▶ Exercise requirements
Where the records below reach the line containing "proof (intro allI impI)", start transcribing, and end with the line containing "f, ..., f^(d-1).\<close>", exactly and with nothing else added.

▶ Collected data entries
=== Begin Enclosure ===

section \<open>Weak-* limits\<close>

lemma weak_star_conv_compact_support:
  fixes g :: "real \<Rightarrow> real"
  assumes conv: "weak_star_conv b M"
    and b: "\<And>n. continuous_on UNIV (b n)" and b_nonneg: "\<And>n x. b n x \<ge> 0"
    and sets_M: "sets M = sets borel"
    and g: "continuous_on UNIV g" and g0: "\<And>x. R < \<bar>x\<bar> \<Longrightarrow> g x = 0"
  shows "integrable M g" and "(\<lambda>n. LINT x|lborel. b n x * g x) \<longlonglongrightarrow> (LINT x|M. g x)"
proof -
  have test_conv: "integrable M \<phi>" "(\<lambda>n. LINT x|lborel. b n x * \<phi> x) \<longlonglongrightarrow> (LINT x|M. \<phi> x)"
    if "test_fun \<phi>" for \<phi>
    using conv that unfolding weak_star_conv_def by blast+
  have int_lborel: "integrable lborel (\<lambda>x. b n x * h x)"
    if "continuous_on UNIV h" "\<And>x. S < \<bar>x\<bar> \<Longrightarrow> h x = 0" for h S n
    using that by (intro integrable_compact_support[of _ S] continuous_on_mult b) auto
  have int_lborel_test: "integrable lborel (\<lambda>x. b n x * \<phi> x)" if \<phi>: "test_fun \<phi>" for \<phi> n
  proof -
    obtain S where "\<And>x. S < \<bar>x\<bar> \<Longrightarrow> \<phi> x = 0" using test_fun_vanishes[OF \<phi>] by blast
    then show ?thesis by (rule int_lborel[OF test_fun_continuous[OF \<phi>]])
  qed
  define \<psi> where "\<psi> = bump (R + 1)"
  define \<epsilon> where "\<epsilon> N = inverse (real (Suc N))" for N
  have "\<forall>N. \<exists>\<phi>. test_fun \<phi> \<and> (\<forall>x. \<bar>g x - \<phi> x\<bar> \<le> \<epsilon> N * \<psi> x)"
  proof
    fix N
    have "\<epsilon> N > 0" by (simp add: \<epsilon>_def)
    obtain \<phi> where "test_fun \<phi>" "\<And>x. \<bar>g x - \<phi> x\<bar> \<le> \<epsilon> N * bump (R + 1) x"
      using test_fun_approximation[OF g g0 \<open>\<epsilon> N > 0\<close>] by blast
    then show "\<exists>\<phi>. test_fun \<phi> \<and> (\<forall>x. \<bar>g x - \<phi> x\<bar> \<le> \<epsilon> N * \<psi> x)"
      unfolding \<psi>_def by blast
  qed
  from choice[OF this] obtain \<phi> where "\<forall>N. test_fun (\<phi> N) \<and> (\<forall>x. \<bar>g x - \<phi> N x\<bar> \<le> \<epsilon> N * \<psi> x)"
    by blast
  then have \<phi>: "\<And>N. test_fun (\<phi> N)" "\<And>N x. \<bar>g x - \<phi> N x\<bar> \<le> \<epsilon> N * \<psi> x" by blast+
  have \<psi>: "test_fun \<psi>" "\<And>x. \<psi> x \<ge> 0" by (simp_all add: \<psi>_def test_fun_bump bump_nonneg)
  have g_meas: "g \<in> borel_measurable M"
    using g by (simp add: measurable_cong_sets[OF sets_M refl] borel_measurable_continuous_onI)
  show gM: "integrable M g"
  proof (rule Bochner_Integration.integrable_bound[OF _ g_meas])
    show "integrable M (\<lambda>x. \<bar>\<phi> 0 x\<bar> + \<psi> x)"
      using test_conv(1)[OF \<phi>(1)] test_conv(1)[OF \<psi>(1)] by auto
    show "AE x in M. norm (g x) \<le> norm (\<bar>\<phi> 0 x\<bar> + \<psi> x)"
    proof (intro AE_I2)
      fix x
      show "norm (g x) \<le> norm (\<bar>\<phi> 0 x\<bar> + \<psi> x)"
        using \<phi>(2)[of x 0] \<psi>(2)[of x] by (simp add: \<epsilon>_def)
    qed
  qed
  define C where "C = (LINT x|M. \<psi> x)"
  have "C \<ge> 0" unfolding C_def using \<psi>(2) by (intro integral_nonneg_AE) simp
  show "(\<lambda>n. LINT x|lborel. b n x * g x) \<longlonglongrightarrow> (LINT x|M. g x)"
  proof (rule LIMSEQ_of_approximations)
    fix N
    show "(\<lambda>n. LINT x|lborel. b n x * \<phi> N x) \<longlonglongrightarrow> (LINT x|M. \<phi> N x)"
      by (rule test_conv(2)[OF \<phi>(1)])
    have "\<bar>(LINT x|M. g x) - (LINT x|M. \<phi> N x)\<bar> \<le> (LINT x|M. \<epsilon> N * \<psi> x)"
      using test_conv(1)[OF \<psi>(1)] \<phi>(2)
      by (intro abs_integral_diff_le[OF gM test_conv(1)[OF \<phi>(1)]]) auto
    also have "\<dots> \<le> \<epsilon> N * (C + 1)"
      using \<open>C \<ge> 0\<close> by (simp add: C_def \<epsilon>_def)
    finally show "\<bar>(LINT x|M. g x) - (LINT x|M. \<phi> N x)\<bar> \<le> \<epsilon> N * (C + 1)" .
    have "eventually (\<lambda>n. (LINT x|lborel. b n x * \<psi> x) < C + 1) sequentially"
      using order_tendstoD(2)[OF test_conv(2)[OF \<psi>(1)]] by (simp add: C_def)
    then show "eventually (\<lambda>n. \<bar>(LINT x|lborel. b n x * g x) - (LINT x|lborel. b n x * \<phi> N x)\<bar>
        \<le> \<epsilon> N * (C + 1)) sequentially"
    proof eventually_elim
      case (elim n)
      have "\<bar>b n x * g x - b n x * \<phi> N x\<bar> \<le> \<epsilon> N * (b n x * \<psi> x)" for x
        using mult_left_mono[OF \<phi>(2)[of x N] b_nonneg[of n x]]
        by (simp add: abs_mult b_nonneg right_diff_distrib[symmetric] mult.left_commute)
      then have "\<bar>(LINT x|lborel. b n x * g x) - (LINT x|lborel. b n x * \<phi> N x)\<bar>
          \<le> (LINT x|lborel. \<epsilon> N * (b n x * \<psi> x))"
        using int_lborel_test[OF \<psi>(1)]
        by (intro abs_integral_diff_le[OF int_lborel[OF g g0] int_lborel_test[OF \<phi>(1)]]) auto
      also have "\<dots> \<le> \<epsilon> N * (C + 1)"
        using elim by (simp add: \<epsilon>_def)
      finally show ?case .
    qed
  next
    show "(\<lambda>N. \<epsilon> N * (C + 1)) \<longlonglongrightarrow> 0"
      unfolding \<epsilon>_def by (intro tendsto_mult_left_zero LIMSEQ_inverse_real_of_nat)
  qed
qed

=== End Enclosure ===
=== Begin Enclosure ===

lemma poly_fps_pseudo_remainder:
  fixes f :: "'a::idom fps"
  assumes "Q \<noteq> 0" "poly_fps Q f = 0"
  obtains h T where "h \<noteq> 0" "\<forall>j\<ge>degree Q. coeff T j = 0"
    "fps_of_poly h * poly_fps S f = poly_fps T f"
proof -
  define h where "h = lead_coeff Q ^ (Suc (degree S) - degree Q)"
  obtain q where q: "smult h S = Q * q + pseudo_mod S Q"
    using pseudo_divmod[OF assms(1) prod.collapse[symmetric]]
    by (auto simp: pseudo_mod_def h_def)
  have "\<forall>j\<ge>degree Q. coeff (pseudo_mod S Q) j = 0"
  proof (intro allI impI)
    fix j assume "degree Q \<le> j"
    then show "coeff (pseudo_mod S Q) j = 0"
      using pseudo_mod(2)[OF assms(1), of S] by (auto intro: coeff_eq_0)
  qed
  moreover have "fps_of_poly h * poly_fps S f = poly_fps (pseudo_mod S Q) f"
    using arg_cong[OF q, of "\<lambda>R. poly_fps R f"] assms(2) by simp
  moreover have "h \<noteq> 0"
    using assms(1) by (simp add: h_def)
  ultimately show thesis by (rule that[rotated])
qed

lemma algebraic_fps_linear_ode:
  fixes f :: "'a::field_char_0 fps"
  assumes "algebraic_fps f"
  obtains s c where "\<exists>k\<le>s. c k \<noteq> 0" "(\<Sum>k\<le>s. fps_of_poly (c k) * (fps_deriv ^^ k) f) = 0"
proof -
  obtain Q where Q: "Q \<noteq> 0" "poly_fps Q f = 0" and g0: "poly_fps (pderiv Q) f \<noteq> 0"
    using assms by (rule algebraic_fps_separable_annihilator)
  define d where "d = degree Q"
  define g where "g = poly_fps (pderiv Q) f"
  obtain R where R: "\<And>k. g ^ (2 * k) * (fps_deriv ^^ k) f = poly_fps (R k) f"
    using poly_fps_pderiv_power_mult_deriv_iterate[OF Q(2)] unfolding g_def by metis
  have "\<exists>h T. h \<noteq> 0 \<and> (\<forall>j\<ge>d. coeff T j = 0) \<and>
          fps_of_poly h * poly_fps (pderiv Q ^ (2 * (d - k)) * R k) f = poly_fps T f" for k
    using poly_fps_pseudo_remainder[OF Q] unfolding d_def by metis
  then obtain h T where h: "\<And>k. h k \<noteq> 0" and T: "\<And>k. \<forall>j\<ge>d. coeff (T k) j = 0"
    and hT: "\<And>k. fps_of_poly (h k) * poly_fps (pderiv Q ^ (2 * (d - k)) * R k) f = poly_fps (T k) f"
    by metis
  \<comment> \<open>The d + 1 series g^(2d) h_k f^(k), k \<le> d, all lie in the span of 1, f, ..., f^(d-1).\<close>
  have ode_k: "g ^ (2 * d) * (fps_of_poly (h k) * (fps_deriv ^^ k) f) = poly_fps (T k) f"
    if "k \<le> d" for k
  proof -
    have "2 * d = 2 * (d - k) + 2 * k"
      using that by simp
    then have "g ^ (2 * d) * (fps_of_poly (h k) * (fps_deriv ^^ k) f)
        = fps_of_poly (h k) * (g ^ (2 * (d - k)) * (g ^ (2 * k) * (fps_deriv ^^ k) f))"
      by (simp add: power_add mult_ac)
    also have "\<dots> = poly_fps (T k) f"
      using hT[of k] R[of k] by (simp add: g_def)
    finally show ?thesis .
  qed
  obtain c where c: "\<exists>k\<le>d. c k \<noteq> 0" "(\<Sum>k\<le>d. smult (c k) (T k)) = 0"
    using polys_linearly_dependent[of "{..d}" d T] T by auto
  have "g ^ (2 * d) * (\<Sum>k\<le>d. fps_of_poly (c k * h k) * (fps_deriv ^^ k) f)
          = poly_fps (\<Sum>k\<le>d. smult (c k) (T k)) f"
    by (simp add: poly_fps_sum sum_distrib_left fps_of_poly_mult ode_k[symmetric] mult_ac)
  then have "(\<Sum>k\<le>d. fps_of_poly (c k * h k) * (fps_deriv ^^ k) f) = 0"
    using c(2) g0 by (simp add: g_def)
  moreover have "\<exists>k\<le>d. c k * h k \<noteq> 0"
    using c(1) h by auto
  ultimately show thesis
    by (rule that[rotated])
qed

=== End Enclosure ===

▶ Completed task
  proof (intro allI impI)
    fix j assume "degree Q \<le> j"
    then show "coeff (pseudo_mod S Q) j = 0"
      using pseudo_mod(2)[OF assms(1), of S] by (auto intro: coeff_eq_0)
  qed
  moreover have "fps_of_poly h * poly_fps S f = poly_fps (pseudo_mod S Q) f"
    using arg_cong[OF q, of "\<lambda>R. poly_fps R f"] assms(2) by simp
  moreover have "h \<noteq> 0"
    using assms(1) by (simp add: h_def)
  ultimately show thesis by (rule that[rotated])
qed

lemma algebraic_fps_linear_ode:
  fixes f :: "'a::field_char_0 fps"
  assumes "algebraic_fps f"
  obtains s c where "\<exists>k\<le>s. c k \<noteq> 0" "(\<Sum>k\<le>s. fps_of_poly (c k) * (fps_deriv ^^ k) f) = 0"
proof -
  obtain Q where Q: "Q \<noteq> 0" "poly_fps Q f = 0" and g0: "poly_fps (pderiv Q) f \<noteq> 0"
    using assms by (rule algebraic_fps_separable_annihilator)
  define d where "d = degree Q"
  define g where "g = poly_fps (pderiv Q) f"
  obtain R where R: "\<And>k. g ^ (2 * k) * (fps_deriv ^^ k) f = poly_fps (R k) f"
    using poly_fps_pderiv_power_mult_deriv_iterate[OF Q(2)] unfolding g_def by metis
  have "\<exists>h T. h \<noteq> 0 \<and> (\<forall>j\<ge>d. coeff T j = 0) \<and>
          fps_of_poly h * poly_fps (pderiv Q ^ (2 * (d - k)) * R k) f = poly_fps T f" for k
    using poly_fps_pseudo_remainder[OF Q] unfolding d_def by metis
  then obtain h T where h: "\<And>k. h k \<noteq> 0" and T: "\<And>k. \<forall>j\<ge>d. coeff (T k) j = 0"
    and hT: "\<And>k. fps_of_poly (h k) * poly_fps (pderiv Q ^ (2 * (d - k)) * R k) f = poly_fps (T k) f"
    by metis
  \<comment> \<open>The d + 1 series g^(2d) h_k f^(k), k \<le> d, all lie in the span of 1, f, ..., f^(d-1).\<close>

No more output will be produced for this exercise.